§ **WORK REQUIRED**
Some lines in the material below hold the word "subseteq". Copy all of them.

[Start of Attachment]

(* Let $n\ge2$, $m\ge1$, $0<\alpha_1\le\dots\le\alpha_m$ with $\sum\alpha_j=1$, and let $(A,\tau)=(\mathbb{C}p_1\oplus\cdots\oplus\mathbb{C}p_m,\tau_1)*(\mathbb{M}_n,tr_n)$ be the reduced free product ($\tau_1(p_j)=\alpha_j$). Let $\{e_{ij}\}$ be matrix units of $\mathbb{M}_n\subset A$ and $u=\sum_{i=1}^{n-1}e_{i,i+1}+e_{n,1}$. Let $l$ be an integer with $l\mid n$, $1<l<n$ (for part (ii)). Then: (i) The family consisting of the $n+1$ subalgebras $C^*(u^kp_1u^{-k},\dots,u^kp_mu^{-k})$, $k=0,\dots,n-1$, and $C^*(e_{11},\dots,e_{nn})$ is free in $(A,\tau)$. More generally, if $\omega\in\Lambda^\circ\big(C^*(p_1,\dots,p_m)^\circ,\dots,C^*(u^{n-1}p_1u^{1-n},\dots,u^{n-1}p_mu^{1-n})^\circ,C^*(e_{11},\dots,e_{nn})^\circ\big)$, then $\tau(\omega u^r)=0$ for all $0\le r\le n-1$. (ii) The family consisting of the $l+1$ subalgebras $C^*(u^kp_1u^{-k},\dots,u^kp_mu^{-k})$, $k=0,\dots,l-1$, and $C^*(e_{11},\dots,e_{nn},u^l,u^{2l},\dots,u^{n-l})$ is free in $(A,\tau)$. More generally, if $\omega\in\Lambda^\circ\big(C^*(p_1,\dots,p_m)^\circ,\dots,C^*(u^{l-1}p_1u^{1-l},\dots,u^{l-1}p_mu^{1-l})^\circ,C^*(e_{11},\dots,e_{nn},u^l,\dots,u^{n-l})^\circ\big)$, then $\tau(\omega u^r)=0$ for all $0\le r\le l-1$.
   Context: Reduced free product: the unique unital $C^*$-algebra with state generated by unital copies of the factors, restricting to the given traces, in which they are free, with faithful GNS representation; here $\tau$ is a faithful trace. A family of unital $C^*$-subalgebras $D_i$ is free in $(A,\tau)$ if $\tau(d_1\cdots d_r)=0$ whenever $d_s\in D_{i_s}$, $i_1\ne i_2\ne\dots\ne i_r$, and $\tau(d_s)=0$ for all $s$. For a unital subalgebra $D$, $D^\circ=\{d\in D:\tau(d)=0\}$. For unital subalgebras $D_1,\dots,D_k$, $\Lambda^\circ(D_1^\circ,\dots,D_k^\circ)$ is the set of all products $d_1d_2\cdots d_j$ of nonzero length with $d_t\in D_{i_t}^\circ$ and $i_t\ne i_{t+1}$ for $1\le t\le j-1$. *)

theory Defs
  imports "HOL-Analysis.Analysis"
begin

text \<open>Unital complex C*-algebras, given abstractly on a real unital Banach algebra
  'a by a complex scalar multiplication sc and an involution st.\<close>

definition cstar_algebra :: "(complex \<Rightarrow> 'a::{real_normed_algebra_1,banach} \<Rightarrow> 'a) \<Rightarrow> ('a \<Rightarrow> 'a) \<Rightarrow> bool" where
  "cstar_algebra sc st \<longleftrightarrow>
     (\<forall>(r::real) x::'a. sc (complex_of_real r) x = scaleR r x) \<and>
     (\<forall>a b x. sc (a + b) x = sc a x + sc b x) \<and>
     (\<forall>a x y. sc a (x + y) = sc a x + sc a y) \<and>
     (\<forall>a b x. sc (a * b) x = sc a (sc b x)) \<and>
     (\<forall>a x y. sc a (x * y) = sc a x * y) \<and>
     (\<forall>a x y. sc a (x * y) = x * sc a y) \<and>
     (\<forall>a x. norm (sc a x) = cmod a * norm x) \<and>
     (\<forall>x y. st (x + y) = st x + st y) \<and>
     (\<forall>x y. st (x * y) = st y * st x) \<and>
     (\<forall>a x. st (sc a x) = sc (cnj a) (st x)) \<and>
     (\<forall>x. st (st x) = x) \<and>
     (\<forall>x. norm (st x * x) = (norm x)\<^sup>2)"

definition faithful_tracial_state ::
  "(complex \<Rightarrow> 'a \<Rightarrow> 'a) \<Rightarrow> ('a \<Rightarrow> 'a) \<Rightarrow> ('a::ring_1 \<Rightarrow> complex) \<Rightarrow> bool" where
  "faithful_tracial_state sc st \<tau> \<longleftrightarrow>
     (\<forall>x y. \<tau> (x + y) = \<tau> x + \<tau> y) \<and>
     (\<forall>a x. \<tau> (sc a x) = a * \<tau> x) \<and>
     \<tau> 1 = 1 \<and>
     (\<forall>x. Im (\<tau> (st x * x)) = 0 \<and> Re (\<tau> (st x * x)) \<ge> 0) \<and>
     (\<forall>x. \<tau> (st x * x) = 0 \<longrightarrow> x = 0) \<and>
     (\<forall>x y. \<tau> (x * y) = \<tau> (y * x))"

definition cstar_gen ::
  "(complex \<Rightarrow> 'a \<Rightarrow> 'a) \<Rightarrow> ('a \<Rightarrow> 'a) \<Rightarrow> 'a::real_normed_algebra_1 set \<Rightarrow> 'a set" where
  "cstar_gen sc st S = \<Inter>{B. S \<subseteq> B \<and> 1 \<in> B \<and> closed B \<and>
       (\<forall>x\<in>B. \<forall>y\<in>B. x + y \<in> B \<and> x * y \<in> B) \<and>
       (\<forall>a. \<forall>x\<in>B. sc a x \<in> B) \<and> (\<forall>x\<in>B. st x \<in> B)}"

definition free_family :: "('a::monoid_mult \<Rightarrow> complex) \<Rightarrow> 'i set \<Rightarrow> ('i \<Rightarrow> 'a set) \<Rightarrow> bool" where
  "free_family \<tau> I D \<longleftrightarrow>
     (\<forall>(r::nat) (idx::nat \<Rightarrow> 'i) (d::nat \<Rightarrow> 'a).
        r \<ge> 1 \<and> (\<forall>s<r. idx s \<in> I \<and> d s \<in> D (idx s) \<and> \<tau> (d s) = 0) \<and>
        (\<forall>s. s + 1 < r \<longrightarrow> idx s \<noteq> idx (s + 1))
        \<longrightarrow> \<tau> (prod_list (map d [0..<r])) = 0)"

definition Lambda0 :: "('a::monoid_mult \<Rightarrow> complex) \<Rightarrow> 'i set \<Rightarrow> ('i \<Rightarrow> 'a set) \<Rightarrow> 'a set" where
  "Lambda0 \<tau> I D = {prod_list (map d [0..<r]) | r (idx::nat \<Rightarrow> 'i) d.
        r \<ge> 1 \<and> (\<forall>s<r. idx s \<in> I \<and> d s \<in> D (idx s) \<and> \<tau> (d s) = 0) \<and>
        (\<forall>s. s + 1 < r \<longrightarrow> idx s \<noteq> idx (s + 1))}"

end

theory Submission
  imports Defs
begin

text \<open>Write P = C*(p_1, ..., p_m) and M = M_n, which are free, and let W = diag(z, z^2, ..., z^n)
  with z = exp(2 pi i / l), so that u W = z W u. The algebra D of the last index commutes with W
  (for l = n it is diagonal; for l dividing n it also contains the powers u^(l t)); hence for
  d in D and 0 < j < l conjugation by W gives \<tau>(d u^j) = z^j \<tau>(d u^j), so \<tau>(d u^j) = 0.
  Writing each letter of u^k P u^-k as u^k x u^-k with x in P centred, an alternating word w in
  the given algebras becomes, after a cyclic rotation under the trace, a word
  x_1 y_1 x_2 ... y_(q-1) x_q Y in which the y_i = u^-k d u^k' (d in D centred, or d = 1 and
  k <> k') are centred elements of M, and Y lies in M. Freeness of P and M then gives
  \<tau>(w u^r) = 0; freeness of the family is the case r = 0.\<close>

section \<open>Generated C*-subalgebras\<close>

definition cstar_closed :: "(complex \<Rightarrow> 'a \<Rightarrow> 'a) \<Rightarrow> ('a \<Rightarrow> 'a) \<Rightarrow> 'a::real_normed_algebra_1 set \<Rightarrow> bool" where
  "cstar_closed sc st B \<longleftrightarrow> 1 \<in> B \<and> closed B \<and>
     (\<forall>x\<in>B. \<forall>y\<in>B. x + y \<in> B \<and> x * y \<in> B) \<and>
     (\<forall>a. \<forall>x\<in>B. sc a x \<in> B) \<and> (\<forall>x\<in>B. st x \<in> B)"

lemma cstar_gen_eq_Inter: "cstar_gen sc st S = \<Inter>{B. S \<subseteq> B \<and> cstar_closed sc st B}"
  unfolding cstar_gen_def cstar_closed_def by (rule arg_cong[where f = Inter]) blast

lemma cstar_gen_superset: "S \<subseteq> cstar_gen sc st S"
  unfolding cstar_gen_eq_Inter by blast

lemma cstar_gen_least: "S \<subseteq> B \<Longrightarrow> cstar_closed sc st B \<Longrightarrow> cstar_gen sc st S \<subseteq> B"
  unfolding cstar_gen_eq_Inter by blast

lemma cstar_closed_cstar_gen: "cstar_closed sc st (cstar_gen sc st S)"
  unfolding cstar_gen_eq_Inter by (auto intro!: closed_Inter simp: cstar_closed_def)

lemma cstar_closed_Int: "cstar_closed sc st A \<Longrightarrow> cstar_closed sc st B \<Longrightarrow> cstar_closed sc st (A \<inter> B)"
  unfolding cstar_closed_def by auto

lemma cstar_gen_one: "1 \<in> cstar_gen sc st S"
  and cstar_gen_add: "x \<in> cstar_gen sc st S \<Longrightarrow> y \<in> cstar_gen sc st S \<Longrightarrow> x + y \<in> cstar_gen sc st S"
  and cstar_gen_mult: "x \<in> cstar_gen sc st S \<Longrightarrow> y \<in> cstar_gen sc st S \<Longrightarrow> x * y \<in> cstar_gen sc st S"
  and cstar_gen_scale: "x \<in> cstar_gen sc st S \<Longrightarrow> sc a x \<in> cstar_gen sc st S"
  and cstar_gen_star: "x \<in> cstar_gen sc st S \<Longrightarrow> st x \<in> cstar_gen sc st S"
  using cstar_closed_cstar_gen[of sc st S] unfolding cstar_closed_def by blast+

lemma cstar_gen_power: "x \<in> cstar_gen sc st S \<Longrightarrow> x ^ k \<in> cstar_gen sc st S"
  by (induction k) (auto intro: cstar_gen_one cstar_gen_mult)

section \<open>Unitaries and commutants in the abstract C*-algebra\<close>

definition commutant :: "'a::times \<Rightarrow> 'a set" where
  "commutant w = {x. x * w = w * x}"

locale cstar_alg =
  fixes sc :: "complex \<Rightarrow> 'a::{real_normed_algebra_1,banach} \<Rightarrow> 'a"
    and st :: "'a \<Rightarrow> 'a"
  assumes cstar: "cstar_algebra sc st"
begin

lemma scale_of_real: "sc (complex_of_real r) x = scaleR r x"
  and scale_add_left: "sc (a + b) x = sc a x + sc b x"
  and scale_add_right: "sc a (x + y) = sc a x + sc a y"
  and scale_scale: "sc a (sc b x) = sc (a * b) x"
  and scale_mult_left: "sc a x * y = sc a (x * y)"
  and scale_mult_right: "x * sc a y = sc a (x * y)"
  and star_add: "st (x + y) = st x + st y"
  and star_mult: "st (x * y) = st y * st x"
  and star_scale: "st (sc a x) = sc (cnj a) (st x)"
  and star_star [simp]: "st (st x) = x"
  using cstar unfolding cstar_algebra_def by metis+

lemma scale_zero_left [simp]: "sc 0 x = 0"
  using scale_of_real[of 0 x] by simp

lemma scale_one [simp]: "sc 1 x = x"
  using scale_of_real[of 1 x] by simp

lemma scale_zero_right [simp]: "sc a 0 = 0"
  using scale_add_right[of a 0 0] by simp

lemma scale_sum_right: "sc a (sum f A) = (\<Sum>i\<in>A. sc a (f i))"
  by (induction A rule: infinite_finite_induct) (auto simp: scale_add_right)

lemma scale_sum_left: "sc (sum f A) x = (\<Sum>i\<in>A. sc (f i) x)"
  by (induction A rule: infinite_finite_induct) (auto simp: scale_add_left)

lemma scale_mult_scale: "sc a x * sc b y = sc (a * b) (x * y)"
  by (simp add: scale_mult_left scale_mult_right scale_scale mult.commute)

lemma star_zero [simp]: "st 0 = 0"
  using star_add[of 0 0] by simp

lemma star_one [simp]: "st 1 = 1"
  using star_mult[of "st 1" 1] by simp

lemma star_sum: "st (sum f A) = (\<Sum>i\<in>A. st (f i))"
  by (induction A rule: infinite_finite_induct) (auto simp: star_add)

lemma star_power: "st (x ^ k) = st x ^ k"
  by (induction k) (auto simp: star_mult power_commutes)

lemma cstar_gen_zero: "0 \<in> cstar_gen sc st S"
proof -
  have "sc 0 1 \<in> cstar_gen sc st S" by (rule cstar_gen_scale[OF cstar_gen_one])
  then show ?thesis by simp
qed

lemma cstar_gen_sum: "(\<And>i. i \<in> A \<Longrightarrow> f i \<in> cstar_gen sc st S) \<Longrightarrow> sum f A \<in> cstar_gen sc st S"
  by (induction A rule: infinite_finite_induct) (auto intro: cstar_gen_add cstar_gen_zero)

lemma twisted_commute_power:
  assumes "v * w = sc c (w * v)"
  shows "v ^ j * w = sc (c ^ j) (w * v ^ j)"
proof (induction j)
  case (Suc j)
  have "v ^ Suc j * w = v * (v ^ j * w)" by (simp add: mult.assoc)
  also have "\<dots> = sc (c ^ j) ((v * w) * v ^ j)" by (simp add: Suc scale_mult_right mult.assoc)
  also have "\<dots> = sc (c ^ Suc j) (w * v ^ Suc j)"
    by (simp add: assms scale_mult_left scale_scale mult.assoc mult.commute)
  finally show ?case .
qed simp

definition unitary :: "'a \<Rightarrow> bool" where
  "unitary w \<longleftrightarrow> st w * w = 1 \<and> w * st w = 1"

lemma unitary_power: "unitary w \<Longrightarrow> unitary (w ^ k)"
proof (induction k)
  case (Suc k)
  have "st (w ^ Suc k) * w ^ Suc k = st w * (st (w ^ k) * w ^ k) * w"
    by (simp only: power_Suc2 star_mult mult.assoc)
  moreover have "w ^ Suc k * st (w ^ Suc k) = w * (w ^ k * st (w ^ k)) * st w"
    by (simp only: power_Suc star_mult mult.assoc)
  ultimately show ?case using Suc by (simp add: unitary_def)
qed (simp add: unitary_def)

[End of Attachment]
[Start of Attachment]

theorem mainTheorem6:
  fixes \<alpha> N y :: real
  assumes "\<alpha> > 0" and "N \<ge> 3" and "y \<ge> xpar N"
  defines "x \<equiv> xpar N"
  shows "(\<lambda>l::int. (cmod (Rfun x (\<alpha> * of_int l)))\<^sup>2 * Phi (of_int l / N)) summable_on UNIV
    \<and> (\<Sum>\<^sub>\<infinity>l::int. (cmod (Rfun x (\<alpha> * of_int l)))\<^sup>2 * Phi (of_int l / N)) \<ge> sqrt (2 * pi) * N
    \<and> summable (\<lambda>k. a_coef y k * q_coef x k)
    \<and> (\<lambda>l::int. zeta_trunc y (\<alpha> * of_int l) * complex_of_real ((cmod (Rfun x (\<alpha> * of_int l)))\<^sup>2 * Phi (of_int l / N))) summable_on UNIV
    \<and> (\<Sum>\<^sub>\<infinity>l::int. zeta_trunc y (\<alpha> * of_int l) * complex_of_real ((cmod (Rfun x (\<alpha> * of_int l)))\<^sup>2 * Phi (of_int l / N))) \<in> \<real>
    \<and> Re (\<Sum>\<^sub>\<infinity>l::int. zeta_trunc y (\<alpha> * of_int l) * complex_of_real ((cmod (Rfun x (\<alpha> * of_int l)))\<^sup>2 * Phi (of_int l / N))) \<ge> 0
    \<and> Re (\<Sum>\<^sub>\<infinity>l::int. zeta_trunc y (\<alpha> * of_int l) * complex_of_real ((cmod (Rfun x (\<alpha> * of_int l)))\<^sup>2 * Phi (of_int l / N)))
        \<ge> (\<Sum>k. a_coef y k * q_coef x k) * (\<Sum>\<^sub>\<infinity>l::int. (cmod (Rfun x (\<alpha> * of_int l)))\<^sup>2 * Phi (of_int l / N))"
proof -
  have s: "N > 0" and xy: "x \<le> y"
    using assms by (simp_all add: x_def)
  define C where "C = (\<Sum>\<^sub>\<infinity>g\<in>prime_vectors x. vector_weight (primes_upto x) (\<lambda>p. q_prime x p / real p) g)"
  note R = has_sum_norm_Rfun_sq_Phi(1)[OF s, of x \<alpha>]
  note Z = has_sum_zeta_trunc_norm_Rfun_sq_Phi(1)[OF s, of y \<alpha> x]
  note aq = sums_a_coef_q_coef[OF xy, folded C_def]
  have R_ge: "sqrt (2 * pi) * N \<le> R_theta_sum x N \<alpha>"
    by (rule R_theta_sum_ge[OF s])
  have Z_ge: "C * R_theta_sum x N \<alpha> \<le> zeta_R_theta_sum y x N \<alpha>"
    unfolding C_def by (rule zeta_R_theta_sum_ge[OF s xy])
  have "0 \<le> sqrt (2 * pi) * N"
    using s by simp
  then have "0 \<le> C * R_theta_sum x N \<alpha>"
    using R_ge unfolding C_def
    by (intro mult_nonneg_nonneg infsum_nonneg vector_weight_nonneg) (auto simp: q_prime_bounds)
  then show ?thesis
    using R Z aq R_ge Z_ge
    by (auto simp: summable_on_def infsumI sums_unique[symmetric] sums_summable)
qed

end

[End of Attachment]
[Start of Attachment]

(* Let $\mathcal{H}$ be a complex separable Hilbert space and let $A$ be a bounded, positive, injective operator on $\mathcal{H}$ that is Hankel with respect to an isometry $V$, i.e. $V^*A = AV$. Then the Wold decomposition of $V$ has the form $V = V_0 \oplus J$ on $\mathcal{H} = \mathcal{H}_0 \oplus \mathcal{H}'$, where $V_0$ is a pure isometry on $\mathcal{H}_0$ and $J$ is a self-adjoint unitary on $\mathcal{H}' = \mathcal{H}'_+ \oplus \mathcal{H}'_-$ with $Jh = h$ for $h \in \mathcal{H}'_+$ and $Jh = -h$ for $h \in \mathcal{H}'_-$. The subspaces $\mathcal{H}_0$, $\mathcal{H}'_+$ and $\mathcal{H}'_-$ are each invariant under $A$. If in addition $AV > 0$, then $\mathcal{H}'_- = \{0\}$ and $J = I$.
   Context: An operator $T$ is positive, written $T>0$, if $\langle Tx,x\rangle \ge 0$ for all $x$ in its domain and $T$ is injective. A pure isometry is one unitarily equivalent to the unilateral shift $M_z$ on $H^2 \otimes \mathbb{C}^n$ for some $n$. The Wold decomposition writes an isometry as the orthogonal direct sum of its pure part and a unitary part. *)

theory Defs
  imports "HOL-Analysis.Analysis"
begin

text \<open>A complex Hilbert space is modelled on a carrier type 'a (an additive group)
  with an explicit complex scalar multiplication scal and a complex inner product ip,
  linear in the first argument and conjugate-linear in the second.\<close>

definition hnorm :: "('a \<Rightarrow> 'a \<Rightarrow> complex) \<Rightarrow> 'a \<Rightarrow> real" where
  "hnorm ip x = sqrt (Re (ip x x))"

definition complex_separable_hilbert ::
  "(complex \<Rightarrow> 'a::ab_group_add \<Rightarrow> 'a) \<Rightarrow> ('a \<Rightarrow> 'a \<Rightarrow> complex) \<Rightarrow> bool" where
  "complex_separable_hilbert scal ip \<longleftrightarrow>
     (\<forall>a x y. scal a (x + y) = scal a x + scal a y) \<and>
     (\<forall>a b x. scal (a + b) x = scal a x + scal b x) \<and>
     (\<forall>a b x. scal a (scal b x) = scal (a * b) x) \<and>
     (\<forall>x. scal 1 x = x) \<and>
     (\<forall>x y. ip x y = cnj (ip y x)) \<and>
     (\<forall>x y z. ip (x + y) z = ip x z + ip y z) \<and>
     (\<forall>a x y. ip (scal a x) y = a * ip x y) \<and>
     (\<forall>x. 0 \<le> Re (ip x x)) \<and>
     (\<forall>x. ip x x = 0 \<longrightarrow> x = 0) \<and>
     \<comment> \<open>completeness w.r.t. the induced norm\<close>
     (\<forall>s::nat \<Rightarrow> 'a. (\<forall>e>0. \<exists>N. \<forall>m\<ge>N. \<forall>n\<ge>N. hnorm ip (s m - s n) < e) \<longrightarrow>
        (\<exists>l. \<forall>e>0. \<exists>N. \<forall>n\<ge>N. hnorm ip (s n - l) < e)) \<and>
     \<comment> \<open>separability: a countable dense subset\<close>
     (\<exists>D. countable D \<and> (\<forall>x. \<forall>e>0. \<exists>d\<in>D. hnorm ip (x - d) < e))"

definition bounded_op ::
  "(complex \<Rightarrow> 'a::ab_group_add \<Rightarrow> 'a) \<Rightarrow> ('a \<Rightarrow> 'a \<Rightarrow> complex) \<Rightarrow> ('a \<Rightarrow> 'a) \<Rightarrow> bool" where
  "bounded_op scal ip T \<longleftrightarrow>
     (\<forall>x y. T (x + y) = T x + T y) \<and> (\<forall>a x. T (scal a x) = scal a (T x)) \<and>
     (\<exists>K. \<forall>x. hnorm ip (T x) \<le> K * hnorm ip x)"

[End of Attachment]

§ **OUTPUT FOR THIS TASK**
  "cstar_gen sc st S = \<Inter>{B. S \<subseteq> B \<and> 1 \<in> B \<and> closed B \<and>
lemma cstar_gen_eq_Inter: "cstar_gen sc st S = \<Inter>{B. S \<subseteq> B \<and> cstar_closed sc st B}"
lemma cstar_gen_superset: "S \<subseteq> cstar_gen sc st S"
lemma cstar_gen_least: "S \<subseteq> B \<Longrightarrow> cstar_closed sc st B \<Longrightarrow> cstar_gen sc st S \<subseteq> B"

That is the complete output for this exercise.